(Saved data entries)

▬▬▬▬▬▬

lemma (in prob_space) prob_half_of_events_le:
  assumes "h > 0" and A: "\<And>i. i < h \<Longrightarrow> A i \<in> events" and p: "\<And>i. i < h \<Longrightarrow> prob (A i) \<le> p"
    and S: "S \<subseteq> {\<omega>\<in>space M. h \<le> 2 * card {i\<in>{..<h}. \<omega> \<in> A i}}"
  shows "prob S \<le> 2 * p"
proof -
  define N where "N \<omega> = (\<Sum>i<h. indicator (A i) \<omega> :: real)" for \<omega>
  have N_eq: "N \<omega> = card {i\<in>{..<h}. \<omega> \<in> A i}" for \<omega>
    using sum_indicator_eq_card[of "{..<h}" "{i. \<omega> \<in> A i}"]
    by (simp add: N_def indicator_def Int_def)
  have int_A: "integrable M (indicator (A i) :: 'a \<Rightarrow> real)" if "i < h" for i
    using A[OF that] by (simp add: emeasure_eq_measure)
  have int_N: "integrable M N"
    unfolding N_def using int_A by auto
  have "(\<integral>\<omega>. N \<omega> \<partial>M) = (\<Sum>i<h. prob (A i))"
    unfolding N_def using int_A A
    by (subst Bochner_Integration.integral_sum) (auto intro!: sum.cong simp: Int_absorb2 sets.sets_into_space)
  also have "\<dots> \<le> h * p"
    using sum_mono[of "{..<h}" "\<lambda>i. prob (A i)" "\<lambda>_. p"] p by simp
  finally have E_N: "(\<integral>\<omega>. N \<omega> \<partial>M) \<le> h * p" .
  have "S \<subseteq> {\<omega>\<in>space M. h / 2 \<le> N \<omega>}"
    using S by (auto simp: N_eq)
  then have "prob S \<le> prob {\<omega>\<in>space M. h / 2 \<le> N \<omega>}"
    using int_N by (intro finite_measure_mono) auto
  also have "\<dots> \<le> (\<integral>\<omega>. N \<omega> \<partial>M) / (h / 2)"
    using \<open>h > 0\<close> by (intro integral_Markov_inequality_measure[where A = "space M"] int_N)
      (auto simp: N_def intro!: sum_nonneg)
  also have "\<dots> \<le> 2 * p"
    using E_N \<open>h > 0\<close> by (simp add: field_simps)
  finally show ?thesis .
qed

▬▬▬▬▬▬

* _Goal of the exercise_: Wherever a line in the data above contains the word "finally", copy that line.

* _Result_:
  finally have E_N: "(\<integral>\<omega>. N \<omega> \<partial>M) \<le> h * p" .
  finally show ?thesis .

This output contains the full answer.